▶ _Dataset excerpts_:
(* Let $p\ge1$ be an integer and let $\bm U:[0,T]\to\mathbb V_h$ be a differentiable solution of the semi-discrete system $$(\bm I+\mathbb A^2)\frac{d}{dt}\bm U+\mathbb D(\bm U)\bm U=0.$$ Then $P(t)=\|\bm U(t)\|_h^2+|\bm U(t)|_{2,h}^2$ satisfies $P(t)=P(0)$ for all $t\in[0,T]$.
   Context: $\Omega=[x_L,x_R]\times[y_L,y_R]$, $l_1=x_R-x_L$, $l_2=y_R-y_L$, $N_1,N_2$ even, $h_r=l_r/N_r$, grid points $x_{j_1}=x_L+j_1h_1$, $y_{j_2}=y_L+j_2h_2$, $0\le j_r\le N_r-1$. $\mathbb V_h$: doubly periodic grid functions identified with vectors $\bm U=(U_{0,0},U_{1,0},\dots,U_{N_1-1,0},U_{0,1},\dots,U_{N_1-1,N_2-1})^T$. $\langle\bm U,\bm V\rangle_h=h_1h_2\sum U_{j_1,j_2}V_{j_1,j_2}$, $\|\bm U\|_h^2=\langle\bm U,\bm U\rangle_h$. With $\mu_r=2\pi/l_r$, $g^{(1)}_k(x)=\frac1{N_1}\sum_{l=-N_1/2}^{N_1/2}\frac1{a_l}e^{\mathrm il\mu_1(x-x_k)}$, $a_l=1$ for $|l|<N_1/2$, $a_{\pm N_1/2}=2$ (similarly $g^{(2)}_k(y)$), $\bm D_s^x=(\frac{d^s}{dx^s}g^{(1)}_k(x_j))_{j,k=0}^{N_1-1}$, $\bm D_s^y=(\frac{d^s}{dy^s}g^{(2)}_k(y_j))_{j,k=0}^{N_2-1}$. $\mathbb A=\bm I_{N_2}\otimes\bm D_2^x+\bm D_2^y\otimes\bm I_{N_1}$, $\mathbb B=\bm I_{N_2}\otimes\bm D_3^x+\bm D_2^y\otimes\bm D_1^x$, $\mathbb L_h=\bm I_{N_2}\otimes\bm D_1^x+\bm D_1^y\otimes\bm I_{N_1}$ ($\otimes$ Kronecker product), $\mathbb D(\bm W)=\mathbb B+\mathbb L_h+\frac1{p+2}(\mathrm{diag}(\bm W^p)\mathbb L_h+\mathbb L_h\mathrm{diag}(\bm W^p))$ with $\bm W^p$ the componentwise power; $|\bm U|_{2,h}=\|\mathbb A\bm U\|_h$. This system is the Fourier pseudo-spectral semi-discretization of the GR-KdV equation $u_t+\Delta^2u_t+\Delta u_x+(1+u^p)(u_x+u_y)=0$ with periodic boundary conditions. *)

theory Defs
  imports Complex_Main
begin

text \<open>Square matrices are represented as functions nat => nat => real (only the
entries with indices below the size matter); vectors as nat => real.\<close>

definition idm :: "nat \<Rightarrow> nat \<Rightarrow> real" where
  "idm i j = (if i = j then 1 else 0)"

definition madd :: "(nat \<Rightarrow> nat \<Rightarrow> real) \<Rightarrow> (nat \<Rightarrow> nat \<Rightarrow> real) \<Rightarrow> nat \<Rightarrow> nat \<Rightarrow> real" where
  "madd A B i j = A i j + B i j"

definition msmult :: "real \<Rightarrow> (nat \<Rightarrow> nat \<Rightarrow> real) \<Rightarrow> nat \<Rightarrow> nat \<Rightarrow> real" where
  "msmult c A i j = c * A i j"

definition mmult :: "nat \<Rightarrow> (nat \<Rightarrow> nat \<Rightarrow> real) \<Rightarrow> (nat \<Rightarrow> nat \<Rightarrow> real) \<Rightarrow> nat \<Rightarrow> nat \<Rightarrow> real" where
  "mmult n A B i j = (\<Sum>k<n. A i k * B k j)"

definition mvec :: "nat \<Rightarrow> (nat \<Rightarrow> nat \<Rightarrow> real) \<Rightarrow> (nat \<Rightarrow> real) \<Rightarrow> nat \<Rightarrow> real" where
  "mvec n A v i = (\<Sum>k<n. A i k * v k)"

definition kron :: "nat \<Rightarrow> (nat \<Rightarrow> nat \<Rightarrow> real) \<Rightarrow> (nat \<Rightarrow> nat \<Rightarrow> real) \<Rightarrow> nat \<Rightarrow> nat \<Rightarrow> real" where
  "kron n A B i j = A (i div n) (j div n) * B (i mod n) (j mod n)"

definition mdiag :: "(nat \<Rightarrow> real) \<Rightarrow> nat \<Rightarrow> nat \<Rightarrow> real" where
  "mdiag v i j = (if i = j then v i else 0)"

definition aw :: "nat \<Rightarrow> int \<Rightarrow> real" where
  "aw N l = (if \<bar>l\<bar> = int N div 2 then 2 else 1)"

text \<open>s-th derivative of the basis function
  g_k(x) = 1/N sum_{l=-N/2}^{N/2} 1/a_l exp(i l mu (x - x_k)), mu = 2 pi / len,
  on the grid x_j = xL + j*len/N, written out explicitly:
  d^s/dx^s g_k(x) = 1/N sum_l 1/a_l (i l mu)^s exp(i l mu (x - x_k)).
  These entries are real numbers; we take the real part to obtain a real matrix.\<close>
definition gridpt :: "real \<Rightarrow> real \<Rightarrow> nat \<Rightarrow> nat \<Rightarrow> real" where
  "gridpt xL len N j = xL + real j * (len / real N)"

definition dg :: "real \<Rightarrow> real \<Rightarrow> nat \<Rightarrow> nat \<Rightarrow> nat \<Rightarrow> real \<Rightarrow> complex" where
  "dg xL len N s k x =
     (let \<mu> = 2 * pi / len in
      (1 / of_nat N) * (\<Sum>l\<in>{-(int N div 2)..int N div 2}.
          (1 / complex_of_real (aw N l)) * (\<i> * of_int l * complex_of_real \<mu>) ^ s
          * cis (real_of_int l * \<mu> * (x - gridpt xL len N k))))"

definition Dmat :: "real \<Rightarrow> real \<Rightarrow> nat \<Rightarrow> nat \<Rightarrow> nat \<Rightarrow> nat \<Rightarrow> real" where
  "Dmat xL len N s j k = Re (dg xL len N s k (gridpt xL len N j))"

text \<open>The matrices A, B, L_h and D(W) of the semi-discretization
  (N1 points in x over length l1 starting at xL, N2 points in y over length l2 starting at yL).\<close>
definition Amat where
  "Amat xL l1 N1 yL l2 N2 =
     madd (kron N1 idm (Dmat xL l1 N1 2)) (kron N1 (Dmat yL l2 N2 2) idm)"

definition Bmat where
  "Bmat xL l1 N1 yL l2 N2 =
     madd (kron N1 idm (Dmat xL l1 N1 3)) (kron N1 (Dmat yL l2 N2 2) (Dmat xL l1 N1 1))"

definition Lmat where
  "Lmat xL l1 N1 yL l2 N2 =
     madd (kron N1 idm (Dmat xL l1 N1 1)) (kron N1 (Dmat yL l2 N2 1) idm)"

definition DWmat where
  "DWmat xL l1 N1 yL l2 N2 (p::nat) (W::nat \<Rightarrow> real) =
     (let L = Lmat xL l1 N1 yL l2 N2; M = N1 * N2 in
      madd (madd (Bmat xL l1 N1 yL l2 N2) L)
        (msmult (1 / (real p + 2))
           (madd (mmult M (mdiag (\<lambda>i. W i ^ p)) L) (mmult M L (mdiag (\<lambda>i. W i ^ p))))))"

definition inner_h :: "real \<Rightarrow> real \<Rightarrow> nat \<Rightarrow> (nat \<Rightarrow> real) \<Rightarrow> (nat \<Rightarrow> real) \<Rightarrow> real" where
  "inner_h h1 h2 M U V = h1 * h2 * (\<Sum>i<M. U i * V i)"

definition norm_h_sq where
  "norm_h_sq h1 h2 M U = inner_h h1 h2 M U U"

definition semi2_h_sq where
  "semi2_h_sq xL l1 N1 yL l2 N2 U =
     norm_h_sq (l1 / real N1) (l2 / real N2) (N1 * N2) (mvec (N1 * N2) (Amat xL l1 N1 yL l2 N2) U)"

definition Pen where
  "Pen xL l1 N1 yL l2 N2 U =
     norm_h_sq (l1 / real N1) (l2 / real N2) (N1 * N2) U + semi2_h_sq xL l1 N1 yL l2 N2 U"

end

theory Submission
  imports Defs "HOL-Analysis.Analysis"
begin

text \<open>Differentiation matrices of even order are symmetric and those of odd order skew-symmetric,
  because the basis g_k is built from a frequency set symmetric under l \<mapsto> -l. Hence A is
  symmetric, while B, L_h and, for every W, D(W) are skew-symmetric; for the last one note that
  diag(w) L_h + L_h diag(w) is skew when L_h is. Consequently the energy
  P = \<langle>U, U\<rangle> + \<langle>AU, AU\<rangle> has derivative 2 \<langle>U, (I + A^2) U'\<rangle> = -2 \<langle>U, D(U) U\<rangle> = 0.\<close>

definition symmetric_mat :: "(nat \<Rightarrow> nat \<Rightarrow> real) \<Rightarrow> bool" where
  "symmetric_mat A \<longleftrightarrow> (\<forall>i j. A i j = A j i)"

definition skew_mat :: "(nat \<Rightarrow> nat \<Rightarrow> real) \<Rightarrow> bool" where
  "skew_mat A \<longleftrightarrow> (\<forall>i j. A i j = - A j i)"

lemma dg_grid_swap:
  "dg xL len N s k (gridpt xL len N j) = (-1) ^ s * dg xL len N s j (gridpt xL len N k)"
proof -
  define m where "m = int N div 2"
  define \<mu> where "\<mu> = 2 * pi / len"
  define c where "c = (\<lambda>l::int. (1 / complex_of_real (aw N l)) * (\<i> * of_int l * complex_of_real \<mu>) ^ s)"
  have dg_eq: "dg xL len N s k x
      = 1 / of_nat N * (\<Sum>l\<in>{-m..m}. c l * cis (real_of_int l * \<mu> * (x - gridpt xL len N k)))"
    for k x
    unfolding dg_def Let_def m_def \<mu>_def c_def ..
  have c_uminus: "c (- l) = (-1) ^ s * c l" for l
    by (simp add: c_def aw_def power_minus[symmetric])
  define xj xk where "xj = gridpt xL len N j" and "xk = gridpt xL len N k"
  have "(\<Sum>l\<in>{-m..m}. c l * cis (real_of_int l * \<mu> * (xj - xk)))
      = (\<Sum>l\<in>uminus ` {-m..m}. c l * cis (real_of_int l * \<mu> * (xj - xk)))"
    by (simp add: image_iff)
  also have "\<dots> = (\<Sum>l\<in>{-m..m}. c (- l) * cis (real_of_int l * \<mu> * (xk - xj)))"
    by (subst sum.reindex) (auto simp: inj_on_def algebra_simps)
  also have "\<dots> = (-1) ^ s * (\<Sum>l\<in>{-m..m}. c l * cis (real_of_int l * \<mu> * (xk - xj)))"
    by (simp add: c_uminus sum_distrib_left mult.assoc)
  finally show ?thesis
    unfolding dg_eq xj_def[symmetric] xk_def[symmetric] by simp
qed

lemma Dmat_swap: "Dmat xL len N s j k = (-1) ^ s * Dmat xL len N s k j"
  unfolding Dmat_def dg_grid_swap[of xL len N s k j] by (cases "even s") auto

▶ _Assignment_:
From the records above, transcribe without alteration every line from the one with "These entries are" to the one with "(msmult (1 / (real p + 2))", inclusive.

▶ _Task response_:
  These entries are real numbers; we take the real part to obtain a real matrix.\<close>
definition gridpt :: "real \<Rightarrow> real \<Rightarrow> nat \<Rightarrow> nat \<Rightarrow> real" where
  "gridpt xL len N j = xL + real j * (len / real N)"

definition dg :: "real \<Rightarrow> real \<Rightarrow> nat \<Rightarrow> nat \<Rightarrow> nat \<Rightarrow> real \<Rightarrow> complex" where
  "dg xL len N s k x =
     (let \<mu> = 2 * pi / len in
      (1 / of_nat N) * (\<Sum>l\<in>{-(int N div 2)..int N div 2}.
          (1 / complex_of_real (aw N l)) * (\<i> * of_int l * complex_of_real \<mu>) ^ s
          * cis (real_of_int l * \<mu> * (x - gridpt xL len N k))))"

definition Dmat :: "real \<Rightarrow> real \<Rightarrow> nat \<Rightarrow> nat \<Rightarrow> nat \<Rightarrow> nat \<Rightarrow> real" where
  "Dmat xL len N s j k = Re (dg xL len N s k (gridpt xL len N j))"

text \<open>The matrices A, B, L_h and D(W) of the semi-discretization
  (N1 points in x over length l1 starting at xL, N2 points in y over length l2 starting at yL).\<close>
definition Amat where
  "Amat xL l1 N1 yL l2 N2 =
     madd (kron N1 idm (Dmat xL l1 N1 2)) (kron N1 (Dmat yL l2 N2 2) idm)"

definition Bmat where
  "Bmat xL l1 N1 yL l2 N2 =
     madd (kron N1 idm (Dmat xL l1 N1 3)) (kron N1 (Dmat yL l2 N2 2) (Dmat xL l1 N1 1))"

definition Lmat where
  "Lmat xL l1 N1 yL l2 N2 =
     madd (kron N1 idm (Dmat xL l1 N1 1)) (kron N1 (Dmat yL l2 N2 1) idm)"

definition DWmat where
  "DWmat xL l1 N1 yL l2 N2 (p::nat) (W::nat \<Rightarrow> real) =
     (let L = Lmat xL l1 N1 yL l2 N2; M = N1 * N2 in
      madd (madd (Bmat xL l1 N1 yL l2 N2) L)
        (msmult (1 / (real p + 2))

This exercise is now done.